- Extracted material -
lemma sum_raised_mult_covd:
  fixes G :: "real^'n \<Rightarrow> real^'n^'n" and v :: "real^'n \<Rightarrow> real^'n"
    and y :: "real^'n"
  defines "B \<equiv> matrix_inv (G y) *v v y"
  assumes inv: "invertible (G y)" and sym: "transpose (G y) = G y"
  shows "(\<Sum>i\<in>UNIV. B $ i * covd G v y i k)
    = (\<Sum>i\<in>UNIV. B $ i * pd (\<lambda>z. v z $ i) k y)
      - 1/2 * (\<Sum>i\<in>UNIV. \<Sum>l\<in>UNIV. B $ i * B $ l * pd (\<lambda>z. G z $ l $ i) k y)"
proof -
  define dG where "dG l j i = pd (\<lambda>z. G z $ l $ j) i y" for l j i
  define X where "X i l = dG l k i + dG l i k - dG i k l" for i l
  have inv_sym: "matrix_inv (G y) $ m $ l = matrix_inv (G y) $ l $ m" for m l
    using symmetric_entry[OF transpose_matrix_inv_symmetric[OF inv sym]] .
  have "(\<Sum>m\<in>UNIV. christoffel G y m i k * v y $ m)
      = (\<Sum>m\<in>UNIV. \<Sum>l\<in>UNIV. 1/2 * (matrix_inv (G y) $ l $ m * v y $ m * X i l))" for i
    unfolding christoffel_def X_def dG_def
    by (simp add: inv_sym sum_distrib_left sum_distrib_right mult_ac)
  also have "\<dots> i = 1/2 * (\<Sum>l\<in>UNIV. B $ l * X i l)" for i
    by (subst sum.swap) (simp add: B_def matrix_vector_mult_def sum_distrib_left sum_distrib_right mult_ac)
  finally have covd_eq: "covd G v y i k = pd (\<lambda>z. v z $ i) k y - 1/2 * (\<Sum>l\<in>UNIV. B $ l * X i l)" for i
    unfolding covd_def by simp
  \<comment> \<open>The terms dG l k i and dG i k l of X cancel against each other under the swap of i and l.\<close>
  have "(\<Sum>i\<in>UNIV. \<Sum>l\<in>UNIV. B $ i * B $ l * dG l k i) = (\<Sum>i\<in>UNIV. \<Sum>l\<in>UNIV. B $ i * B $ l * dG i k l)"
    by (subst sum.swap) (simp add: mult_ac)
  then have contract_X: "(\<Sum>i\<in>UNIV. B $ i * (\<Sum>l\<in>UNIV. B $ l * X i l))
      = (\<Sum>i\<in>UNIV. \<Sum>l\<in>UNIV. B $ i * B $ l * dG l i k)"
    unfolding X_def by (simp add: sum_distrib_left algebra_simps sum.distrib sum_subtractf)
  have "(\<Sum>i\<in>UNIV. B $ i * covd G v y i k)
      = (\<Sum>i\<in>UNIV. B $ i * pd (\<lambda>z. v z $ i) k y) - 1/2 * (\<Sum>i\<in>UNIV. B $ i * (\<Sum>l\<in>UNIV. B $ l * X i l))"
    unfolding covd_eq by (simp add: right_diff_distrib sum_subtractf sum_distrib_left)
  then show ?thesis
    unfolding contract_X dG_def .
qed

lemma differentiable_norm_sq:
  fixes G :: "real^'n \<Rightarrow> real^'n^'n" and v :: "real^'n \<Rightarrow> real^'n"
  assumes "open W" "y \<in> W" "\<forall>z\<in>W. invertible (G z)"
    and "\<forall>i j. (\<lambda>z. G z $ i $ j) differentiable (at y)"
    and "\<forall>i. (\<lambda>z. v z $ i) differentiable (at y)"
  shows "(\<lambda>z. norm_sq (G z) (v z)) differentiable (at y)"
  unfolding norm_sq_def inner_vec_def using assms
  by (auto simp: invertible_det_nz
      intro!: differentiable_sum differentiable_mult differentiable_matrix_inv_mult_vec)

lemma pd_norm_sq:
  fixes G :: "real^'n \<Rightarrow> real^'n^'n" and v :: "real^'n \<Rightarrow> real^'n"
    and y :: "real^'n"
  defines "B \<equiv> matrix_inv (G y) *v v y"
  assumes W: "open W" "y \<in> W" and inv: "\<forall>z\<in>W. invertible (G z)"
    and sym: "transpose (G y) = G y"
    and dG: "\<forall>i j. (\<lambda>z. G z $ i $ j) differentiable (at y)"
    and dv: "\<forall>i. (\<lambda>z. v z $ i) differentiable (at y)"
  shows "pd (\<lambda>z. norm_sq (G z) (v z)) k y = 2 * (\<Sum>i\<in>UNIV. B $ i * covd G v y i k)"
proof -
  define Bf where "Bf z = matrix_inv (G z) *v v z" for z
  define P where "P i = pd (\<lambda>z. v z $ i) k y" for i
  define Q where "Q j = pd (\<lambda>z. Bf z $ j) k y" for j
  define D where "D l j = pd (\<lambda>z. G z $ l $ j) k y" for l j
  have dB: "\<forall>i. (\<lambda>z. Bf z $ i) differentiable (at y)"
    unfolding Bf_def using W inv dG dv
    by (intro allI differentiable_matrix_inv_mult_vec) (auto simp: invertible_det_nz)
  have "norm_sq (G z) (v z) = (\<Sum>i\<in>UNIV. v z $ i * Bf z $ i)" for z
    unfolding norm_sq_def Bf_def inner_vec_def by simp
  then have pd_eq: "pd (\<lambda>z. norm_sq (G z) (v z)) k y = (\<Sum>i\<in>UNIV. P i * B $ i + v y $ i * Q i)"
    using pd_sum_mult[of "\<lambda>i z. v z $ i" y "\<lambda>i z. Bf z $ i" k] dv dB
    by (simp add: P_def Q_def B_def Bf_def)
  have product_rule: "(\<Sum>j\<in>UNIV. D i j * B $ j + G y $ i $ j * Q j) = P i" for i
  proof -
    have "v z $ i = (\<Sum>j\<in>UNIV. G z $ i $ j * Bf z $ j)" if "z \<in> W" for z
      using matrix_vector_mul_matrix_inv_cancel[of "G z" "v z"] inv that
      by (simp add: Bf_def matrix_vector_mult_def vec_eq_iff)
    then have "P i = pd (\<lambda>z. \<Sum>j\<in>UNIV. G z $ i $ j * Bf z $ j) k y"
      unfolding P_def by (intro pd_cong_open[OF W]) auto
    then show ?thesis
      using pd_sum_mult[of "\<lambda>j z. G z $ i $ j" y "\<lambda>j z. Bf z $ j" k] dG dB
      by (simp add: D_def Q_def B_def Bf_def)
  qed
  have v_eq: "v y $ i = (\<Sum>j\<in>UNIV. G y $ j $ i * B $ j)" for i
    using sum_matrix_inv_mult_vec_symmetric[OF inv[rule_format, OF W(2)] sym, of "v y" i]
    by (simp add: B_def mult.commute)
  have "(\<Sum>i\<in>UNIV. v y $ i * Q i) = (\<Sum>j\<in>UNIV. B $ j * (\<Sum>i\<in>UNIV. G y $ j $ i * Q i))"
    unfolding v_eq sum_distrib_right by (subst sum.swap) (simp add: sum_distrib_left mult_ac)
  also have "\<dots> = (\<Sum>j\<in>UNIV. B $ j * P j) - (\<Sum>j\<in>UNIV. \<Sum>i\<in>UNIV. B $ j * B $ i * D j i)"
  proof -
    have "(\<Sum>i\<in>UNIV. G y $ j $ i * Q i) = P j - (\<Sum>i\<in>UNIV. B $ i * D j i)" for j
      using product_rule[of j] by (simp add: sum.distrib algebra_simps)
    then show ?thesis by (simp add: right_diff_distrib sum_subtractf sum_distrib_left mult_ac)
  qed
  finally have "pd (\<lambda>z. norm_sq (G z) (v z)) k y
      = 2 * (\<Sum>j\<in>UNIV. B $ j * P j) - (\<Sum>j\<in>UNIV. \<Sum>i\<in>UNIV. B $ j * B $ i * D j i)"
    unfolding pd_eq sum.distrib by (simp add: mult.commute)
  also have "\<dots> = 2 * (\<Sum>i\<in>UNIV. B $ i * covd G v y i k)"
    unfolding sum_raised_mult_covd[of G y v, OF inv[rule_format, OF W(2)] sym, folded B_def]
    by (subst (2) sum.swap) (simp add: P_def D_def mult_ac)
  finally show ?thesis .
qed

- Your instructions -
Report each line of the listing above that uses the word "auto".

- Response to this exercise -
  by (auto simp: invertible_det_nz
    by (intro allI differentiable_matrix_inv_mult_vec) (auto simp: invertible_det_nz)
      unfolding P_def by (intro pd_cong_open[OF W]) auto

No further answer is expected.